The praxinoscope, invented by Charles-Emile Reynaud in 1876 was part of a range of popular philosophical or optical toys created in the 19th century. Like the praxinoscope, most attempted to create the illusion of movement using a series of static images.

In shape the Praxinoscope resembles a shallow cylinder with a concave base. Around the inner wall is a paper strip, which is changeable, featuring a series of twelve cartoons of a girl in different stages of dancing with birds. In the centre a second cylinder is situated, with twelve mirrors fixed to the outer walls, one corresponding to each image. To create the animation the outer drum is spun, the mirrors reflecting the passing images and giving the effect of fluid movement. There was often a lighting fixture at the top of this central cylinder to illuminate the images; this is missing from this apparatus.

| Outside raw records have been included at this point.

lemma prob_abs_sum_centered_ge_le:
  fixes \<phi> :: "real \<Rightarrow> real"
  assumes B: "finite B" "B \<subseteq> I" and mono: "mono \<phi>"
    and meas: "\<phi> \<in> borel_measurable borel" and bounded: "\<And>x. \<bar>\<phi> x\<bar> \<le> C" and a: "0 < a"
  shows "prob {\<omega>\<in>space M. a \<le> \<bar>\<Sum>n\<in>B. \<phi> (X n \<omega>) - (\<integral>\<omega>'. \<phi> (X n \<omega>') \<partial>M)\<bar>}
    \<le> real (card B) * (2 * C)\<^sup>2 / a\<^sup>2"
proof -
  define W where "W \<omega> = (\<Sum>n\<in>B. \<phi> (X n \<omega>) - (\<integral>\<omega>'. \<phi> (X n \<omega>') \<partial>M))" for \<omega>
  have meas_W: "W \<in> borel_measurable M"
    unfolding W_def using B measurable_X meas
      by (intro borel_measurable_sum) (auto simp: subset_iff)
  have W_bound: "\<bar>W \<omega>\<bar> \<le> real (card B) * (2 * C)" for \<omega>
  proof -
    have "\<bar>\<phi> (X n \<omega>) - (\<integral>\<omega>'. \<phi> (X n \<omega>') \<partial>M)\<bar> \<le> 2 * C" for n
      using bounded[of "X n \<omega>"] abs_integral_le[of "\<lambda>\<omega>'. \<phi> (X n \<omega>')", OF bounded] by linarith
    then have "(\<Sum>n\<in>B. \<bar>\<phi> (X n \<omega>) - (\<integral>\<omega>'. \<phi> (X n \<omega>') \<partial>M)\<bar>) \<le> real (card B) * (2 * C)"
      using sum_bounded_above[of B _ "2 * C"] by simp
    then show ?thesis unfolding W_def by (rule order_trans[OF sum_abs])
  qed
  have "integrable M (\<lambda>\<omega>. (W \<omega>)\<^sup>2)"
  proof (rule integrable_bounded_real[where C = "(real (card B) * (2 * C))\<^sup>2"])
    show "(\<lambda>\<omega>. (W \<omega>)\<^sup>2) \<in> borel_measurable M" using meas_W by measurable
    show "\<bar>(W \<omega>)\<^sup>2\<bar> \<le> (real (card B) * (2 * C))\<^sup>2" for \<omega>
      using power_mono[OF W_bound abs_ge_zero, of \<omega> 2] by simp
  qed
  then have "prob {\<omega>\<in>space M. a \<le> \<bar>W \<omega>\<bar>} \<le> (\<integral>\<omega>. (W \<omega>)\<^sup>2 \<partial>M) / a\<^sup>2"
    using meas_W a by (intro second_moment_method) auto
  also have "\<dots> \<le> real (card B) * (2 * C)\<^sup>2 / a\<^sup>2"
    unfolding W_def using integral_sq_sum_centered_le[OF B mono meas bounded]
      by (simp add: divide_right_mono)
  finally show ?thesis unfolding W_def .
qed

lemma prob_UN_gt_eq_1:
  assumes R: "countable R" "R \<subseteq> I"
    and unbounded: "\<And>B. \<exists>F. finite F \<and> F \<subseteq> R \<and> B < (\<Sum>n\<in>F. prob {\<omega>\<in>space M. t n < X n \<omega>})"
  shows "prob (\<Union>n\<in>R. {\<omega>\<in>space M. t n < X n \<omega>}) = 1"
proof (rule prob_UN_eq_1_if_sum_unbounded)
  show "{\<omega>\<in>space M. t n < X n \<omega>} \<in> events" if "n \<in> R" for n
    using measurable_X[of n] that R(2) by auto
  then show "(\<Union>n\<in>R. {\<omega>\<in>space M. t n < X n \<omega>}) \<in> events"
    using R(1) by (intro sets.countable_UN'') auto
  show "prob ({\<omega>\<in>space M. t i < X i \<omega>} \<inter> {\<omega>\<in>space M. t j < X j \<omega>})
    \<le> prob {\<omega>\<in>space M. t i < X i \<omega>} * prob {\<omega>\<in>space M. t j < X j \<omega>}"
    if "i \<in> R" "j \<in> R" "i \<noteq> j" for i j
    using that R(2) by (intro prob_gt_inter_le) auto
qed (rule unbounded)
(* In the weighted space $L^2(\rho)$ of $2\pi$-periodic functions with inner product $(f,g\rho)=\int_{-\pi}^{\pi}fg\rho\,dx$: (i) the functions $o^k(x)=\sin(kx)-\sin((k-1)x)$, $k=1,2,\dots$, form a complete orthonormal basis of the subspace of odd functions in $L^2(\rho)$; (ii) the functions $e^k(x)=\cos(kx)-\cos((k+1)x)$, $k=0,1,\dots$, form a complete orthonormal basis of the subspace of even functions in $L^2(\rho)$.
   Context: $\rho(x)=\dfrac{1}{2\pi(1-\cos x)}$. *)

theory Defs
  imports "HOL-Analysis.Analysis"
begin

text \<open>The weight rho(x) = 1/(2 pi (1 - cos x)).  (At x = 0 mod 2pi it evaluates to 0
  by Isabelle's division convention; this is a null set.)\<close>
definition rho :: "real \<Rightarrow> real" where
  "rho x = 1 / (2 * pi * (1 - cos x))"

definition L2rho :: "(real \<Rightarrow> real) set" where
  "L2rho = {f. f \<in> borel_measurable borel \<and> (\<forall>x. f (x + 2 * pi) = f x) \<and>
               set_integrable lborel {-pi..pi} (\<lambda>x. (f x)^2 * rho x)}"

definition ip_rho :: "(real \<Rightarrow> real) \<Rightarrow> (real \<Rightarrow> real) \<Rightarrow> real" where
  "ip_rho f g = (LINT x:{-pi..pi}|lborel. f x * g x * rho x)"

definition odd_fun :: "(real \<Rightarrow> real) \<Rightarrow> bool" where
  "odd_fun f \<longleftrightarrow> (\<forall>x. f (-x) = - f x)"

definition even_fun :: "(real \<Rightarrow> real) \<Rightarrow> bool" where
  "even_fun f \<longleftrightarrow> (\<forall>x. f (-x) = f x)"

definition o_fun :: "nat \<Rightarrow> real \<Rightarrow> real" where
  "o_fun k x = sin (real k * x) - sin ((real k - 1) * x)"

definition e_fun :: "nat \<Rightarrow> real \<Rightarrow> real" where
  "e_fun k x = cos (real k * x) - cos ((real k + 1) * x)"

definition complete_ONB_rho ::
    "((real \<Rightarrow> real) \<Rightarrow> bool) \<Rightarrow> nat set \<Rightarrow> (nat \<Rightarrow> real \<Rightarrow> real) \<Rightarrow> bool" where
  "complete_ONB_rho P I b \<longleftrightarrow>
     (\<forall>k\<in>I. b k \<in> L2rho \<and> P (b k)) \<and>
     (\<forall>j\<in>I. \<forall>k\<in>I. ip_rho (b j) (b k) = (if j = k then 1 else 0)) \<and>
     (\<forall>f\<in>L2rho. P f \<longrightarrow> (\<forall>\<epsilon>>0. \<exists>F c. finite F \<and> F \<subseteq> I \<and>
        ip_rho (\<lambda>x. f x - (\<Sum>k\<in>F. c k * b k x)) (\<lambda>x. f x - (\<Sum>k\<in>F. c k * b k x)) < \<epsilon>))"

end

theory Submission
  imports Defs
begin

(* Since 1 - cos x = 2 sin^2 (x/2), multiplication by 2 sin (x/2) is an isometry from
   L^2([-pi, pi], dx/pi) onto L^2(rho) which exchanges even and odd functions and sends
   cos ((k - 1/2) x) to o^k and sin ((k + 1/2) x) to e^k; orthonormality is then the
   product-to-sum formula.  For completeness, the quotient g = f / (2 sin (x/2)) is approximated
   in L^2 by a continuous function of the same parity vanishing at pi (truncate, take a.e. limits
   of continuous functions, use dominated convergence), and this one uniformly by half-integer
   cosines (sines).  After t = x/2 (resp. t = (pi - x)/2) these are the odd cosines
   cos ((2k+1) t) on [0, pi/2], which approximate every continuous u with u (pi/2) = 0: apply
   Stone-Weierstrass for cosine polynomials on [0, pi] to the extension of u that is
   antisymmetric about pi/2. *)

section \<open>Cosine polynomials and odd cosines\<close>

definition cos_poly :: "(real \<Rightarrow> real) set" where
  "cos_poly = {p. \<exists>N a. p = (\<lambda>t. \<Sum>m<N. a m * cos (real m * t))}"
(* Let $p$ be a prime and let $a,b\in\mathbb{C}_p$ with $a\neq0$, $b\neq0$, $a\neq b$ and $|a|_p<|b|_p$. Let $P=-\frac1b$, $D=\mathbb{C}_p\setminus\{P\}$, $f(x)=\frac{ax^2}{bx+1}$ on $D$, and $x_1=0$ (a fixed point of $f$). For $n\geq 0$ put $r_n=\frac{|b|_p^{n-1}}{|a|_p^{n}}$, and put $l_0=0$ and $l_{n+1}=\frac{|a|_p^{n}}{|b|_p^{n+1}}$ for $n\ge 0$. Then $$D\setminus\Big(\bigcup_{i=1}^{\infty}S_{r_i}(x_1)\cup\bigcup_{j=0}^{\infty}S_{l_j}(P)\Big)\subseteq A(x_1).$$
   Context: $\mathbb{C}_p$ is the field of complex $p$-adic numbers with $p$-adic norm $|\cdot|_p$. For $c\in\mathbb{C}_p$ and $r\ge 0$, $S_r(c)=\{x\in\mathbb{C}_p:|x-c|_p=r\}$. For $y\in D$ write $y^{(n)}=f^n(y)$ (the $n$-th iterate, where defined, i.e. as long as no earlier iterate equals $P$). For a fixed point $x^{(0)}$ of $f$, its basin of attraction is $A(x^{(0)})=\{y: y^{(n)}\text{ is defined for all }n\text{ and }y^{(n)}\to x^{(0)}\text{ as }n\to\infty\}$. *)

theory Defs
  imports "HOL-Analysis.Analysis" "HOL-Computational_Algebra.Primes"
begin

text \<open>Axiomatic characterisation of the field of complex p-adic numbers C_p:
  a field K with a non-archimedean absolute value nrm which restricts to the
  p-adic absolute value on the integers (hence K has characteristic 0 and
  contains Q with its p-adic absolute value), which is complete, algebraically
  closed, and in which the algebraic numbers (over Q) are dense.
  These properties determine (K, nrm) up to isometric isomorphism as C_p.\<close>

definition nonarch_abs :: "('a::field \<Rightarrow> real) \<Rightarrow> bool" where
  "nonarch_abs nrm \<longleftrightarrow>
     (\<forall>x. 0 \<le> nrm x) \<and> (\<forall>x. nrm x = 0 \<longleftrightarrow> x = 0) \<and>
     (\<forall>x y. nrm (x * y) = nrm x * nrm y) \<and>
     (\<forall>x y. nrm (x + y) \<le> max (nrm x) (nrm y))"
lemma wf_kont: "wf_stack N \<pi> \<Longrightarrow> wf_trm N (kont \<pi>)"
  by (induction \<pi>) (auto simp: wf_stack_def ell_def intro: wf_trm.intros)

lemma wf_step:
  "step c d \<Longrightarrow> wf_trm N (fst c) \<Longrightarrow> wf_stack N (snd c) \<Longrightarrow>
   wf_trm N (fst d) \<and> wf_stack N (snd d)"
  by (induction rule: step.induct)
     (auto simp: wf_stack_def elim: wf_trm.cases intro: wf_kont[unfolded wf_stack_def])

lemma wf_exec:
  "exec c d \<Longrightarrow> wf_trm N (fst c) \<Longrightarrow> wf_stack N (snd c) \<Longrightarrow>
   wf_trm N (fst d) \<and> wf_stack N (snd d)"
  by (induction rule: rtranclp_induct) (auto dest: wf_step)

section \<open>Combinatory abstraction\<close>

definition cabs_const :: "trm \<Rightarrow> trm" where
  "cabs_const M = App (App cB cK) (App (App cC cI) M)"

definition app_cont :: trm where
  "app_cont = App cC (App (App cB cC) (App cC cB))"

definition cabs_app :: "trm \<Rightarrow> trm \<Rightarrow> trm" where
  "cabs_app a b = App cC (App cW (App a (App cC (App b app_cont))))"

fun cabs :: "trm \<Rightarrow> trm \<Rightarrow> trm" where
  "cabs x (App s t) = cabs_app (cabs x s) (cabs x t)"
| "cabs x M = (if M = x then cI else cabs_const M)"

lemma exec_cabs_const: "exec (cabs_const M, k # x # \<sigma>) (k, M # \<sigma>)"
  unfolding cabs_const_def by (rule exec_stepI, rule step.intros)+ simp

lemma exec_app_cont: "exec (app_cont, t # s # k # \<sigma>) (k, App s t # \<sigma>)"
  unfolding app_cont_def by (rule exec_stepI, rule step.intros)+ simp

lemma exec_cabs:
  assumes "\<And>s t. x \<noteq> App s t"
  shows "exec (cabs x M, k # x # \<sigma>) (k, M # \<sigma>)"
  using assms
proof (induction x M arbitrary: k \<sigma> rule: cabs.induct)
  case (1 x s t)
  let ?ks = "App cC (App (cabs x t) app_cont)"
  have s: "exec (cabs x s, ?ks # x # x # k # \<sigma>) (?ks, s # x # k # \<sigma>)"
    using 1 by blast
  have t: "exec (cabs x t, app_cont # x # s # k # \<sigma>) (app_cont, t # s # k # \<sigma>)"
    using 1 by blast
  show ?case unfolding cabs.simps cabs_app_def
    apply (rule exec_stepI, rule step.intros)+
    apply (rule rtranclp_trans[OF s])
    apply (rule exec_stepI, rule step.intros)+
    apply (rule rtranclp_trans[OF t])
    by (rule exec_app_cont)
qed (auto intro: exec_cabs_const exec_stepI step.intros)

fun cabs_list :: "trm list \<Rightarrow> trm \<Rightarrow> trm" where
  "cabs_list [] M = M"
| "cabs_list (v # vs) M = App (cabs v (cabs_list vs M)) cI"

lemma exec_cabs_list:
  assumes "\<And>v s t. v \<in> set vs \<Longrightarrow> v \<noteq> App s t"
  shows "exec (cabs_list vs M, vs @ \<sigma>) (M, \<sigma>)"
  using assms
proof (induction vs)
  case (Cons v vs)
  have "exec (cabs v (cabs_list vs M), cI # v # vs @ \<sigma>) (cI, cabs_list vs M # vs @ \<sigma>)"
    using Cons.prems by (intro exec_cabs) auto
  then show ?case
    apply simp
    apply (rule exec_stepI, rule step.intros)
    apply (erule rtranclp_trans)
    apply (rule exec_stepI, rule step.intros)
    using Cons by auto
qed simp

fun consts_within :: "trm set \<Rightarrow> trm \<Rightarrow> bool" where
  "consts_within V (App s t) \<longleftrightarrow> consts_within V s \<and> consts_within V t"
| "consts_within V cP \<longleftrightarrow> cP \<in> V"
| "consts_within V (cQ j) \<longleftrightarrow> cQ j \<in> V"
| "consts_within V (Big f) \<longleftrightarrow> closed_trm (Big f)"
| "consts_within V _ \<longleftrightarrow> True"

lemma closed_trm_if_consts_within_empty: "consts_within {} M \<Longrightarrow> closed_trm M"
  by (induction M) (auto intro: closed_trm.intros)

lemma consts_within_cabs: "consts_within V M \<Longrightarrow> consts_within (V - {x}) (cabs x M)"
  by (induction x M rule: cabs.induct) (auto simp: cabs_const_def cabs_app_def app_cont_def)

lemma consts_within_cabs_list:
  "consts_within V M \<Longrightarrow> consts_within (V - set vs) (cabs_list vs M)"
proof (induction vs arbitrary: V)
  case (Cons v vs)
  then have "consts_within (V - set vs - {v}) (cabs v (cabs_list vs M))"
    by (intro consts_within_cabs) blast
  moreover have "V - set (v # vs) = V - set vs - {v}" by auto
  ultimately show ?case by simp
qed simp

lemma wf_cabs: "wf_trm N M \<Longrightarrow> wf_trm N (cabs x M)"
  by (induction x M rule: cabs.induct)
     (auto simp: cabs_const_def cabs_app_def app_cont_def intro: wf_trm.intros)

lemma wf_cabs_list: "wf_trm N M \<Longrightarrow> wf_trm N (cabs_list vs M)"
  by (induction vs) (auto intro: wf_cabs wf_trm.intros)

definition free_consts :: "nat \<Rightarrow> trm list" where
  "free_consts N = cP # map cQ [0..<Suc N]"

lemma wf_free_consts: "v \<in> set (free_consts N) \<Longrightarrow> wf_trm N v"
  by (auto simp: free_consts_def intro: wf_trm.intros)

lemma consts_within_free_consts: "wf_trm N M \<Longrightarrow> consts_within (set (free_consts N)) M"
  by (induction rule: wf_trm.induct) (auto simp: free_consts_def intro: closed_trm.intros)

definition zeta :: "nat \<Rightarrow> (nat \<Rightarrow> trm) \<Rightarrow> nat \<Rightarrow> trm" where
  "zeta N \<xi> i = cabs_list (free_consts N) (\<xi> i)"

lemma exec_zeta: "exec (zeta N \<xi> i, free_consts N @ \<sigma>) (\<xi> i, \<sigma>)"
  unfolding zeta_def by (rule exec_cabs_list) (auto simp: free_consts_def)

lemma wf_zeta: "wf_trm N (\<xi> i) \<Longrightarrow> wf_trm N (zeta N \<xi> i) \<and> closed_trm (zeta N \<xi> i)"
  unfolding zeta_def
  using consts_within_cabs_list[OF consts_within_free_consts, of N "\<xi> i" "free_consts N"]
  by (auto intro: wf_cabs_list closed_trm_if_consts_within_empty)

definition ins_second :: "trm \<Rightarrow> trm \<Rightarrow> trm" where
  "ins_second Y c = App (App cC Y) c"

lemma exec_foldl_ins_second: "exec (foldl ins_second Y vs, n # \<sigma>) (Y, n # vs @ \<sigma>)"
proof (induction vs arbitrary: Y \<sigma>)
  case (Cons v vs)
  show ?case
    apply simp
    apply (rule rtranclp_trans[OF Cons])
    unfolding ins_second_def by (rule exec_stepI, rule step.intros)+ simp
qed simp

lemma wf_foldl_ins_second:
  "wf_trm N Y \<Longrightarrow> \<forall>v\<in>set vs. wf_trm N v \<Longrightarrow> wf_trm N (foldl ins_second Y vs)"
  by (induction vs arbitrary: Y) (simp_all add: ins_second_def wf_trm.intros)

definition phi :: "nat \<Rightarrow> (nat \<Rightarrow> trm) \<Rightarrow> trm" where
  "phi N \<xi> = foldl ins_second (Big (zeta N \<xi>)) (free_consts N)"

lemma wf_phi: "(\<And>i. wf_trm N (\<xi> i)) \<Longrightarrow> wf_trm N (phi N \<xi>)"
  unfolding phi_def
  by (intro wf_foldl_ins_second wf_trm.intros) (auto simp: wf_zeta wf_free_consts)

lemma exec_phi_Big: "exec (phi N \<xi>, n # \<sigma>) (Big (zeta N \<xi>), n # free_consts N @ \<sigma>)"
  unfolding phi_def by (rule exec_foldl_ins_second)

lemma exec_phi_num: "exec (App (phi N \<xi>) (num i), \<sigma>) (\<xi> i, \<sigma>)"
  apply (rule exec_stepI, rule step.intros)
  apply (rule rtranclp_trans[OF exec_phi_Big])
  apply (rule exec_stepI, rule step.intros)
  by (rule exec_zeta)

lemma exec_phi_Nil_stuck: "\<exists>Y. exec (phi N \<xi>, []) (cC, [Y, cQ N])"
  unfolding phi_def free_consts_def ins_second_def
  by (auto intro!: exec_stepI step.intros)

section \<open>Runs to p with bounded \<And>-indices\<close>

inductive bounded_run :: "nat \<Rightarrow> nat \<Rightarrow> trm \<times> trm list \<Rightarrow> bool" for k where
  at_p: "bounded_run k 0 (cP, \<rho>)"
| step: "step c d \<Longrightarrow> bounded_run k n d \<Longrightarrow> (\<forall>f i \<sigma>. c = (Big f, num i # \<sigma>) \<longrightarrow> i < k) \<Longrightarrow>
    bounded_run k (Suc n) c"

lemma bounded_run_step: "bounded_run k n c \<Longrightarrow> step c d \<Longrightarrow> \<exists>m. n = Suc m \<and> bounded_run k m d"
  by (induction rule: bounded_run.cases) (auto elim: step.cases dest: step_deterministic)

lemma bounded_run_exec: "exec c d \<Longrightarrow> bounded_run k n c \<Longrightarrow> \<exists>m\<le>n. bounded_run k m d"
proof (induction rule: rtranclp_induct)
  case (step d e)
  then obtain m where "m \<le> n" "bounded_run k m d" by blast
  with bounded_run_step[OF _ step(2)] obtain m' where "m = Suc m'" "bounded_run k m' e"
    by blast
  with \<open>m \<le> n\<close> show ?case by (intro exI[of _ m']) auto
qed auto

lemma bounded_run_Big:
  assumes "bounded_run k n (Big f, t # \<sigma>)"
  obtains i m where "i < k" "t = num i" "n = Suc m" "bounded_run k m (f i, \<sigma>)"
  using assms
proof (cases rule: bounded_run.cases)
  case (step d m)
  then obtain i where "t = num i" "d = (f i, \<sigma>)" by (auto elim: step.cases)
  with step that show ?thesis by blast
qed

lemma bounded_run_mono: "bounded_run k n c \<Longrightarrow> k \<le> k' \<Longrightarrow> bounded_run k' n c"
  by (induction rule: bounded_run.induct) (auto intro: bounded_run.intros)

lemma bounded_run_if_exec_to_p: "exec c (cP, \<rho>) \<Longrightarrow> \<exists>k n. bounded_run k n c"
proof (induction rule: converse_rtranclp_induct)
  case base then show ?case by (auto intro: bounded_run.at_p)
next
  case (step c d)
  then obtain k n where "bounded_run k n d" by blast
  obtain k0 where k0: "\<forall>f i \<sigma>. c = (Big f, num i # \<sigma>) \<longrightarrow> i < k0"
    using step(1) by (cases rule: step.cases) auto
  have "bounded_run (max k k0) (Suc n) c"
    using step(1) bounded_run_mono[OF \<open>bounded_run k n d\<close>] k0
    by (intro bounded_run.step) auto
  then show ?case by blast
qed

lemma bounded_run_phi:
  assumes "bounded_run k n (phi N \<xi>, \<rho>)"
  shows "\<exists>i \<rho>0 m. \<rho> = num i # \<rho>0 \<and> i < k \<and> m < n \<and> bounded_run k m (\<xi> i, \<rho>0)"
proof (cases \<rho>)
  case Nil
  obtain Y where "exec (phi N \<xi>, []) (cC, [Y, cQ N])"
    using exec_phi_Nil_stuck by blast
  with assms Nil obtain m where "bounded_run k m (cC, [Y, cQ N])"
    using bounded_run_exec by blast
  then show ?thesis by (cases rule: bounded_run.cases) (auto elim: step.cases)
next
  case (Cons t \<rho>0)
  then obtain m2 where "m2 \<le> n" "bounded_run k m2 (Big (zeta N \<xi>), t # free_consts N @ \<rho>0)"
    using bounded_run_exec[OF exec_phi_Big] assms by blast
  then obtain i m3 where i: "i < k" "t = num i" "m2 = Suc m3"
    and "bounded_run k m3 (zeta N \<xi> i, free_consts N @ \<rho>0)"
    by (auto elim: bounded_run_Big)
  then obtain m where "m \<le> m3" "bounded_run k m (\<xi> i, \<rho>0)"
    using bounded_run_exec[OF exec_zeta] by blast
  with i \<open>m2 \<le> n\<close> Cons show ?thesis
    by (intro exI[of _ i] exI[of _ \<rho>0] exI[of _ m]) auto
qed

section \<open>Replaying a run with \<psi> in place of \<phi>\<close>

text \<open>
  The replayed run carries an extra stack tail \<tau>, so A (which empties the stack) must be
  matched by the continuation k_\<tau>, and the continuations captured by cc acquire \<tau> as well.
\<close>

inductive sim :: "trm \<Rightarrow> trm \<Rightarrow> trm \<Rightarrow> trm \<Rightarrow> bool" for \<phi> \<psi> where
  refl: "sim \<phi> \<psi> t t"
| App: "sim \<phi> \<psi> s s' \<Longrightarrow> sim \<phi> \<psi> u u' \<Longrightarrow> sim \<phi> \<psi> (App s u) (App s' u')"
| phi: "sim \<phi> \<psi> \<phi> \<psi>"
| A_kont: "sim \<phi> \<psi> cA (kont \<tau>)"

This praxinoscope is part of the Francis Collection of pre-cinematic apparatus and ephemera, acquired by the Australian and Victorian Governments in 1975. David Francis was the curator of the National Film and Sound Archive of the British Film Institute as well as being a co-founder of the Museum of the Moving Image in London, which was operational between 1988 and 1999.

Physical Description

Metal drum with an inner and outer cylinder. The inner cylinder has 12 mirrors facing the outer cylinder, where the animation strip would be placed. A hole in the centre of the inner cylinder shows the placement for the missing candleholder and candle. The maker's logo and instruction label are placed on top of the inner cylinder. A female socket centre bottom shows the placement for the base/stand.